You can learn a lot about a lead from their engagement with your content on your website and on social media. Someone who only ever reads your blog posts might just be a fan of your content, whereas somebody who volunteers their contact information to download a whitepaper will receive a higher score.
Prior sales data can help you assign values here. For instance, if you know that leads who sign up for a particular webinar on your site have a high tendency to convert? You can assign a higher point value to that interaction.
Engagement can be misleading. Plenty of people will poke around product and pricing pages because they’re doing research with no intent to buy. The true signs of intent to purchase should carry the highest point values. But how can you tell what they are?
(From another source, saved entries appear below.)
lemma M_eq_sigma0_fun:
  assumes "x \<in> idx n"
  shows "M x = sigma0_fun n h k1 k2 x"
proof -
  have x: "1 \<le> x" "x \<le> 2*n" using assms by (auto simp: idx_def)
  consider "x \<le> h \<or> g < x" | "h < x" "x \<le> k1" | "k1 < x" "x \<le> k2" | "k2 < x" "x \<le> g"
    by linarith
  then show ?thesis
  proof cases
    case 1
    then show ?thesis using x M_low[of x] M_high[of x] max_eq by (auto simp: sigma0_fun_def)
  next
    case 2
    then show ?thesis using M_arc[of h x] P_cycle_order sorted max_eq by (simp add: sigma0_fun_def)
  next
    case 3
    then show ?thesis using M_arc[of k1 x] P_cycle_order sorted max_eq by (simp add: sigma0_fun_def)
  next
    case 4
    then show ?thesis using M_arc[of k2 x] P_cycle_order sorted max_eq by (simp add: sigma0_fun_def)
  qed
qed

lemma P_eq_s1tau_fun: "x \<in> idx n \<Longrightarrow> P x = s1tau_fun n h k1 k2 x"
  using P_shift[of x] P_2n M_eq_sigma0_fun[of "x + 1"]
  by (auto simp: s1tau_fun_def idx_def)

end

lemma special_normal_form:
  assumes sp: "special n (s0, sinf, s1, t)"
    and cyc: "transp_and_4cycle (idx n) n (pmul s1 t)"
  obtains h k1 k2 where "valid_triple n h k1 k2" "s0 = sigma0_form n h k1 k2"
    "pmul s1 t = s1tau_form n h k1 k2"
proof -
  let ?P = "pmul s1 t"
  obtain a b c e where abce: "four_cycle ?P a b c e" "{a,b,c,e} \<subseteq> idx n"
    and off: "\<And>y. y \<notin> {a,b,c,e} \<Longrightarrow> ?P (?P y) = y"
    and out: "\<And>y. y \<notin> idx n \<Longrightarrow> ?P y = y"
    using transp_and_4cycleE[OF cyc] by blast
  obtain h k1 k2 g where sorted: "h < k1" "k1 < k2" "k2 < g" "{a,b,c,e} = {h,k1,k2,g}"
    using four_elements_sorted abce(1) unfolding four_cycle_def by blast
  interpret shifted_matching n s0 ?P h k1 k2 g
    using special_shift[OF sp] sorted abce off by unfold_locales auto
  have "s0 = sigma0_form n h k1 k2"
  proof
    fix x show "s0 x = sigma0_form n h k1 k2 x"
      using sigma0_form_apply[OF triple_valid] M_eq_sigma0_fun special_shift(2)[OF sp] by simp
  qed
  moreover have "?P = s1tau_form n h k1 k2"
  proof
    fix x show "?P x = s1tau_form n h k1 k2 x"
      using s1tau_form_apply[OF triple_valid] P_eq_s1tau_fun out
      by (cases "x \<in> idx n") (auto simp: s1tau_fun_def idx_def)
  qed
  ultimately show ?thesis using that triple_valid by blast
qed

lemma pmul_s1tau_form_transpose:
  assumes v: "valid_triple n h k1 k2"
    and d: "(d = transpose h k2 \<and> ys = [(2*n - h, k2), (h, k1)]) \<or>
      (d = transpose k1 (2*n - h) \<and> ys = [(2*n - h, h), (k1, k2)])"
  shows "pmul (s1tau_form n h k1 k2) d = tlist_prod (s1tau_pairs n h k1 k2 @ ys)"
proof
  fix x
  let ?C = "{h, k1, k2, 2*n - h}"
  have cyc: "four_cycle (s1tau_form n h k1 k2) h k1 k2 (2*n - h)"
    using s1tau_form_four_cycle[OF v] .
  have L: "set (flat_pairs (s1tau_pairs n h k1 k2)) \<inter> ?C = {}"
    using s1tau_pairs_props(2)[OF v] by auto
  show "pmul (s1tau_form n h k1 k2) d x = tlist_prod (s1tau_pairs n h k1 k2 @ ys) x"
  proof (cases "x \<in> ?C")
    case True
    have F: "s1tau_form n h k1 k2 h = k1" "s1tau_form n h k1 k2 k1 = k2"
      "s1tau_form n h k1 k2 k2 = 2*n - h" "s1tau_form n h k1 k2 (2*n - h) = h"
      and dist: "distinct [h, k1, k2, 2*n - h]"
      using cyc by (simp_all add: four_cycle_def)
    from True consider "x = h" | "x = k1" | "x = k2" | "x = 2*n - h" by blast
    then have "tlist_prod ys x \<in> ?C \<and> d (s1tau_form n h k1 k2 x) = tlist_prod ys x"
      using d F dist by cases (elim disjE conjE; simp add: tlist_prod_Cons)+
    then show ?thesis
      using L tlist_prod_outside by (auto simp: pmul_def tlist_prod_append)
  next
    case False
    have "tlist_prod ys x = x" "d (s1tau_form n h k1 k2 x) = s1tau_form n h k1 k2 x"
      using d False s1tau_form_off_cycle(2)[OF v False]
      by (auto simp: tlist_prod_Cons transpose_def)
    then show ?thesis
      using s1tau_form_off_cycle(1)[OF v False] by (simp add: pmul_def tlist_prod_append)
  qed
qed

lemma special_with_transpose:
  assumes v: "valid_triple n h k1 k2" and d: "d \<in> {transpose h k2, transpose k1 (2*n - h)}"
  shows "special n (sigma0_form n h k1 k2, sigma_inf_std n, pmul (s1tau_form n h k1 k2) d, d)"
proof -
  obtain a b c where e: "k1 = h + 2*a" "k2 = k1 + 2*b" "2*n = k2 + 2*c + h"
    "1 \<le> a" "1 \<le> b" "1 \<le> c" "1 \<le> h"
    using valid_tripleE[OF v] by blast
  let ?F = "s1tau_form n h k1 k2"
  obtain ys where ys: "(d = transpose h k2 \<and> ys = [(2*n - h, k2), (h, k1)]) \<or>
      (d = transpose k1 (2*n - h) \<and> ys = [(2*n - h, h), (k1, k2)])"
    using d by blast
  have C: "{h, k1, k2, 2*n - h} \<subseteq> idx n" and dist: "distinct [h, k1, k2, 2*n - h]"
    using e by (auto simp: idx_def)
  have "disj_transp_prod (idx n) n (sigma0_form n h k1 k2)"
    unfolding disj_transp_prod_def flat_pairs_def[symmetric] sigma0_form_eq
    using sigma0_pairs_props[OF v] by blast
  moreover have "full_cycle (idx n) (sigma_inf_std n)"
    unfolding full_cycle_def sigma_inf_std_def
    by (rule exI[of _ "rev [1..<2*n+1]"]) (auto simp: idx_def)
  moreover have "disj_transp_prod (idx n) (n - 2) (pmul ?F d)"
  proof -
    let ?L = "s1tau_pairs n h k1 k2"
    have L: "distinct (flat_pairs ?L)" "length ?L = n - 4"
      "set (flat_pairs ?L) \<subseteq> idx n - {h, k1, k2, 2*n - h}"
      using s1tau_pairs_props[OF v] by (auto simp: idx_def)
    have "4 \<le> n" using e by auto
    then show ?thesis
      unfolding disj_transp_prod_def flat_pairs_def[symmetric] pmul_s1tau_form_transpose[OF v ys]
      using L ys C dist by (intro exI[of _ "?L @ ys"]) auto
  qed
  moreover have "is_transposition (idx n) d"
    using d C dist unfolding is_transposition_def by auto
  moreover have "pmul (pmul (pmul (sigma0_form n h k1 k2) (sigma_inf_std n)) (pmul ?F d)) d = id"
    using d s1tau_form_sigma_inf_sigma0_form[OF v] by (auto simp: pmul_def)
  moreover have "?F (2*n) = 2*n" by (simp add: s1tau_form_apply[OF v] s1tau_fun_def)
  moreover have "2*n \<notin> {h, k1, k2, 2*n - h}" using e by auto
  then have "d (2*n) = 2*n" using d by (auto simp: transpose_def)
  ultimately show ?thesis using e unfolding special_def admissible_def by (simp add: pmul_def)
qed

lemma special_tuples_of_normal_form:
  assumes v: "valid_triple n h k1 k2"
  shows "{T. special n T \<and> fst T = sigma0_form n h k1 k2 \<and>
            (case T of (a, b, c, d) \<Rightarrow> pmul c d = s1tau_form n h k1 k2)} =
    (\<lambda>d. (sigma0_form n h k1 k2, sigma_inf_std n, pmul (s1tau_form n h k1 k2) d, d)) `
      {transpose h k2, transpose k1 (2*n - h)}"
    (is "?S = ?tuple ` ?D")
proof
  let ?F = "s1tau_form n h k1 k2"
  show "?S \<subseteq> ?tuple ` ?D"
  proof
    fix T assume "T \<in> ?S"
    then obtain s0 sinf s1 t where T: "T = (s0, sinf, s1, t)" "special n (s0, sinf, s1, t)"
      "s0 = sigma0_form n h k1 k2" "pmul s1 t = ?F"
      by (cases T) auto
    then have sinf: "sinf = sigma_inf_std n" and t: "is_transposition (idx n) t"
      and s1: "disj_transp_prod (idx n) (n - 2) s1"
      unfolding special_def admissible_def by auto
    obtain u v where uv: "u \<noteq> v" "t = transpose u v" using t unfolding is_transposition_def by auto
    have s1_F: "s1 x = t (?F x)" for x
    proof -
      have "t (s1 x) = ?F x" using fun_cong[OF T(4), of x] by (simp add: pmul_def)
      then show ?thesis using uv(2) by (metis transpose_involutory)
    qed
    have "transpose u v (?F (transpose u v (?F x))) = x" for x
      using disj_transp_prod_involution[OF s1, of x] s1_F uv(2) by simp
    then have "t = transpose h k2 \<or> t = transpose k1 (2*n - h)"
      using transpose_mult_four_cycle_involution[OF s1tau_form_four_cycle[OF v] uv(1)] uv(2)
      by (auto simp: transpose_commute)
    moreover have "s1 = pmul ?F t" using s1_F by (auto simp: pmul_def)
    ultimately show "T \<in> ?tuple ` ?D" using T sinf by auto
  qed
  have "pmul (pmul ?F d) d = ?F" if "d \<in> ?D" for d
    using that by (auto simp: pmul_def fun_eq_iff)
  then show "?tuple ` ?D \<subseteq> ?S" using special_with_transpose[OF v] by auto
qed

lemma card_special_tuples_of_normal_form:
  assumes v: "valid_triple n h k1 k2"
  shows "let S = {T. special n T \<and> fst T = sigma0_form n h k1 k2 \<and>
                    (case T of (a, b, c, d) \<Rightarrow> pmul c d = s1tau_form n h k1 k2)}
         in card S = 2 \<and> (\<lambda>(a, b, c, d). d) ` S = {transpose h k2, transpose k1 (2*n - h)}"
proof -
  have "transpose h k2 h \<noteq> transpose k1 (2*n - h) h"
    using v by (auto simp: valid_triple_def)
  then have card: "card {transpose h k2, transpose k1 (2*n - h)} = 2" by (metis card_2_iff)
  have inj: "inj_on (\<lambda>d. (sigma0_form n h k1 k2, sigma_inf_std n,
      pmul (s1tau_form n h k1 k2) d, d)) {transpose h k2, transpose k1 (2*n - h)}"
    by (rule inj_onI) simp
  show ?thesis
    unfolding Let_def special_tuples_of_normal_form[OF v] card_image[OF inj] image_image
    using card by simp
qed

theorem mainTheorem16:
  fixes n :: nat and s0 sinf s1 t :: "nat \<Rightarrow> nat"
  assumes "special n (s0, sinf, s1, t)"
    and "transp_and_4cycle (idx n) n (pmul s1 t)"
  shows "(\<exists>h k1 k2. valid_triple n h k1 k2 \<and>
            s0 = sigma0_form n h k1 k2 \<and> pmul s1 t = s1tau_form n h k1 k2 \<and>
            {x \<in> idx n. pmul s1 t x = x} =
              {2*n, (k1 + h) div 2, (k1 + k2) div 2, (2*n - h + k2) div 2})
       \<and> (\<forall>h k1 k2. valid_triple n h k1 k2 \<longrightarrow>
            (let S = {T. special n T \<and> fst T = sigma0_form n h k1 k2 \<and>
                         (case T of (a, b, c, d) \<Rightarrow> pmul c d = s1tau_form n h k1 k2)}
             in card S = 2 \<and>
                (\<lambda>(a, b, c, d). d) ` S = {transpose h k2, transpose k1 (2*n - h)}))"
proof (intro conjI allI impI)
  obtain h k1 k2 where v: "valid_triple n h k1 k2" and forms: "s0 = sigma0_form n h k1 k2"
    "pmul s1 t = s1tau_form n h k1 k2"
    using special_normal_form[OF assms] .
  moreover have "{x \<in> idx n. pmul s1 t x = x} =
      {2*n, (k1 + h) div 2, (k1 + k2) div 2, (2*n - h + k2) div 2}"
    using fixed_points_s1tau_fun[OF v] by (simp add: forms(2) s1tau_form_apply[OF v])
  ultimately show "\<exists>h k1 k2. valid_triple n h k1 k2 \<and>
      s0 = sigma0_form n h k1 k2 \<and> pmul s1 t = s1tau_form n h k1 k2 \<and>
      {x \<in> idx n. pmul s1 t x = x} = {2*n, (k1 + h) div 2, (k1 + k2) div 2, (2*n - h + k2) div 2}"
    by blast
qed (rule card_special_tuples_of_normal_form)

end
You can survey sales staff and customers to get a better idea of what indicators of intent to look for. That’s not very accurate or scalable. The best approach is to apply a co-dynamic lead scoring model. One that considers brand sentiment and engagement alongside other variables (like firmographics). This can be tricky to do manually, but marketing automation solutions often feature AI-based lead scoring systems that can do this for you.
Leads make sales, and lead scoring simply makes your sales teams work on the leads most likely to bring the most value. So it’s no wonder that more and more businesses are implementing lead scoring in their lead qualification processes.
To take the next step, implement lead scoring automation to save on labor and resources by leaving the math to computers. Machine learning technologies can refine and improve lead scoring models over time, taking the guesswork out of divining your leads’ intentions.